PTA監督最新作に見るかっこ悪い恋と青春。『リコリス・ピザ』/第6回 ヒコロヒーのナイトキャップエンタメ CULTURE 2022.11.21

疲れた心と体に染み込む、ナイトキャップ(寝酒)代わりのエンタメをヒコロヒーが紹介。第6回はポール・トーマス・アンダーソン監督(以下PTA)による最新作『リコリス・ピザ』をお届け。

第6回ヒコロヒー2

私にとってPTAは、新作が出たら絶対に観に行く映画監督のひとりだ。1970年代のLAを舞台にした、15歳のゲイリーと10歳年上のアラナの恋を描く本作。
「今回はラブロマンスか」ぐらいの前情報だけで観に行ったのだが、『ブギーナイツ』のような初期の青春映画を彷彿とさせつつも『インヒアレント・ヴァイス』のようなドタバタ喜劇の要素も満載で、結果的に大満足だった。本編は先読みできないユニークなエピソードの連続。たとえばウォーターベッド販売の事業を立ち上げたり、殺人犯に間違われたり、ベテラン俳優がバイクにまたがって炎の中に突進したり……と、奇天烈な出来事がジェットコースターのような緩急で蛇行する。あまりに恋愛が進展しないので途中まで「これ何の話?」と不安になったが、ちゃんと最終的にロマンスへと収束するのだからお見事としか言いようがない。

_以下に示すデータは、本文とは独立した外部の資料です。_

definition down_coeff :: "nat \<Rightarrow> nat \<Rightarrow> real \<Rightarrow> real \<Rightarrow> (nat \<Rightarrow> int) \<Rightarrow> nat \<Rightarrow> real" where
  "down_coeff n m q am mu i = (if i = n then 1 - am * q ^ nat (mu n - 1) else 1)
     * (1 - q ^ nat (ext n m mu i - ext n m mu (Suc i)))"

lemma up_coeff_eq_gap_factor_ratio:
  assumes mu: "mu \<in> Lam n m" and nu: "raise_at i mu \<in> Lam n m" and i: "i \<in> {1..n}"
  shows "up_coeff n m q ap mu i = gap_factor_ratio n q ap am (i - 1) (gap n m (raise_at i mu) (i - 1))"
proof -
  obtain k where k: "i = Suc k" "k < n" using i by (cases i) auto
  have "gap n m mu k = Suc (gap n m (raise_at i mu) k)"
    using gap_raise_at(1)[OF mu nu i] k by simp
  moreover have "gap n m (raise_at i mu) 0 = nat (int m - mu 1 - 1)" if "k = 0"
    using that k by (simp add: gap_def ext_def unitv_def)
  ultimately show ?thesis
    using k by (simp add: up_coeff_def gap_factor_ratio_def gap_def)
qed

lemma down_coeff_eq_gap_factor_ratio:
  assumes mu: "mu \<in> Lam n m" and nu: "raise_at i mu \<in> Lam n m" and i: "i \<in> {1..n}"
  shows "down_coeff n m q am (raise_at i mu) i = gap_factor_ratio n q ap am i (gap n m mu i)"
proof -
  have "gap n m mu n = nat (mu n)" using i by (simp add: gap_def ext_def)
  moreover have "0 \<le> mu n" using mu i by (auto simp: Lam_def)
  ultimately show ?thesis
    using gap_raise_at(2)[OF mu nu i] i by (auto simp: down_coeff_def gap_factor_ratio_def gap_def unitv_def)
qed

lemma Delta_detailed_balance:
  assumes "\<bar>q\<bar> < 1" "\<bar>ap\<bar> < 1" "\<bar>am\<bar> < 1"
    and mu: "mu \<in> Lam n m" and nu: "raise_at i mu \<in> Lam n m" and i: "i \<in> {1..n}"
  shows "Delta n m q ap am mu * up_coeff n m q ap mu i
       = Delta n m q ap am (raise_at i mu) * down_coeff n m q am (raise_at i mu) i"
proof -
  have balance: "gap_factor_ratio n q ap am (i - 1) (gap n m (raise_at i mu) (i - 1))
          / (\<Prod>j\<in>{0..n}. gap_factor n q ap am j (gap n m mu j))
      = gap_factor_ratio n q ap am i (gap n m mu i)
          / (\<Prod>j\<in>{0..n}. gap_factor n q ap am j (gap n m (raise_at i mu) j))"
  proof (rule prod_shift_balance)
    show "i - 1 \<in> {0..n}" "i \<in> {0..n}" "i - 1 \<noteq> i" using i by auto
    show "gap_factor n q ap am j k \<noteq> 0" for j k
      using gap_factor_pos[OF assms(1-3), of n j k] by linarith
    show "gap n m mu j = gap n m (raise_at i mu) j" if "j \<in> {0..n} - {i - 1, i}" for j
      using that gap_raise_at(3)[OF mu nu i] by simp
  qed (use gap_raise_at(1,2)[OF mu nu i] in \<open>simp_all add: gap_factor_Suc\<close>)
  have n: "1 \<le> n" using i by simp
  show ?thesis
    using balance
    unfolding Delta_eq_gap_product[OF n] up_coeff_eq_gap_factor_ratio[OF mu nu i, where am = am]
      down_coeff_eq_gap_factor_ratio[OF mu nu i, where ap = ap]
    by (simp only: times_divide_eq_left times_divide_eq_right[symmetric])
qed

definition diag_coeff :: "nat \<Rightarrow> nat \<Rightarrow> real \<Rightarrow> real \<Rightarrow> real \<Rightarrow> (nat \<Rightarrow> int) \<Rightarrow> real" where
  "diag_coeff n m q bp bm mu = bp * (1 - q ^ nat (int m - mu 1)) + bm * (1 - q ^ nat (mu n))"

definition raising_part ::
  "nat \<Rightarrow> nat \<Rightarrow> real \<Rightarrow> real \<Rightarrow> ((nat \<Rightarrow> int) \<Rightarrow> complex) \<Rightarrow> (nat \<Rightarrow> int) \<Rightarrow> complex" where
  "raising_part n m q ap f mu = (\<Sum>i\<in>{i\<in>{1..n}. raise_at i mu \<in> Lam n m}.
     complex_of_real (up_coeff n m q ap mu i) * f (raise_at i mu))"

definition lowering_part ::
  "nat \<Rightarrow> nat \<Rightarrow> real \<Rightarrow> real \<Rightarrow> ((nat \<Rightarrow> int) \<Rightarrow> complex) \<Rightarrow> (nat \<Rightarrow> int) \<Rightarrow> complex" where
  "lowering_part n m q am f mu = (\<Sum>i\<in>{i\<in>{1..n}. lower_at i mu \<in> Lam n m}.
     complex_of_real (down_coeff n m q am mu i) * f (lower_at i mu))"

lemma todaH_decompose:
  "todaH n m q ap am bp bm f = (\<lambda>mu. complex_of_real (diag_coeff n m q bp bm mu) * f mu
     + raising_part n m q ap f mu + lowering_part n m q am f mu)"
  by (simp add: fun_eq_iff todaH_def diag_coeff_def raising_part_def lowering_part_def
      up_coeff_def down_coeff_def)

lemma innerD_add_left:
  "innerD n m q ap am (\<lambda>mu. f mu + g mu) h = innerD n m q ap am f h + innerD n m q ap am g h"
  by (simp add: innerD_def sum.distrib algebra_simps)

lemma innerD_add_right:
  "innerD n m q ap am f (\<lambda>mu. g mu + h mu) = innerD n m q ap am f g + innerD n m q ap am f h"
  by (simp add: innerD_def sum.distrib algebra_simps)

lemma innerD_commute: "innerD n m q ap am g f = cnj (innerD n m q ap am f g)"
  by (simp add: innerD_def mult_ac)

lemma innerD_real_mult:
  "innerD n m q ap am (\<lambda>mu. complex_of_real (c mu) * f mu) g
     = innerD n m q ap am f (\<lambda>mu. complex_of_real (c mu) * g mu)"
  by (simp add: innerD_def mult_ac)

lemma innerD_raising_part:
  assumes "\<bar>q\<bar> < 1" "\<bar>ap\<bar> < 1" "\<bar>am\<bar> < 1"
  shows "innerD n m q ap am (raising_part n m q ap psi) phi
       = innerD n m q ap am psi (lowering_part n m q am phi)"
proof -
  have "innerD n m q ap am (raising_part n m q ap psi) phi
      = (\<Sum>mu\<in>Lam n m. \<Sum>i\<in>{i\<in>{1..n}. raise_at i mu \<in> Lam n m}.
           complex_of_real (Delta n m q ap am mu * up_coeff n m q ap mu i)
           * psi (raise_at i mu) * cnj (phi mu))"
    unfolding innerD_def raising_part_def sum_distrib_right by (simp add: mult_ac)
  also have "\<dots> = (\<Sum>nu\<in>Lam n m. \<Sum>i\<in>{i\<in>{1..n}. lower_at i nu \<in> Lam n m}.
           complex_of_real (Delta n m q ap am (lower_at i nu) * up_coeff n m q ap (lower_at i nu) i)
           * psi (raise_at i (lower_at i nu)) * cnj (phi (lower_at i nu)))"
    by (rule sum_raise_at_eq_sum_lower_at)
  also have "\<dots> = (\<Sum>nu\<in>Lam n m. \<Sum>i\<in>{i\<in>{1..n}. lower_at i nu \<in> Lam n m}.
           complex_of_real (Delta n m q ap am nu * down_coeff n m q am nu i)
           * psi nu * cnj (phi (lower_at i nu)))"
    using Delta_detailed_balance[OF assms, of "lower_at i nu" n m i for nu i]
    by (intro sum.cong refl) auto
  also have "\<dots> = innerD n m q ap am psi (lowering_part n m q am phi)"
    by (simp add: innerD_def lowering_part_def sum_distrib_left sum_distrib_right mult_ac)
  finally show ?thesis .
qed

theorem proposition2p1:
  fixes n m :: nat and q ap am bp bm :: real
    and psi phi :: "(nat \<Rightarrow> int) \<Rightarrow> complex"
  assumes "1 \<le> n"
    and "-1 < q" "q < 1" "q \<noteq> 0"
    and "-1 < ap" "ap < 1" "-1 < am" "am < 1"
  shows "innerD n m q ap am (todaH n m q ap am bp bm psi) phi
       = innerD n m q ap am psi (todaH n m q ap am bp bm phi)"
proof -
  have bounds: "\<bar>q\<bar> < 1" "\<bar>ap\<bar> < 1" "\<bar>am\<bar> < 1" using assms by auto
  have lowering_adjoint: "innerD n m q ap am (lowering_part n m q am psi) phi
      = innerD n m q ap am psi (raising_part n m q ap phi)"
    using innerD_raising_part[OF bounds, of n m phi psi] by (metis innerD_commute)
  show ?thesis
    by (simp add: todaH_decompose innerD_add_left innerD_add_right innerD_real_mult
        innerD_raising_part[OF bounds] lowering_adjoint add_ac)
qed

end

特にお気に入りなのは、ガス欠になったトラックで曲がりくねった坂道を一気に駆け下りるシーン。アラナのスリリングなハンドルさばきとゲイリーの子どもっぽい言動とのギャップに、どうしても埋められない年齢差を痛感させられた。これはハリウッドにありがちな美男美女の王道ラブストーリーでは断じてない。でも、垢抜けなさが残る二人のかっこ悪くもトラブル続きな日々を見て思った。私の知っている青春はこっちだと。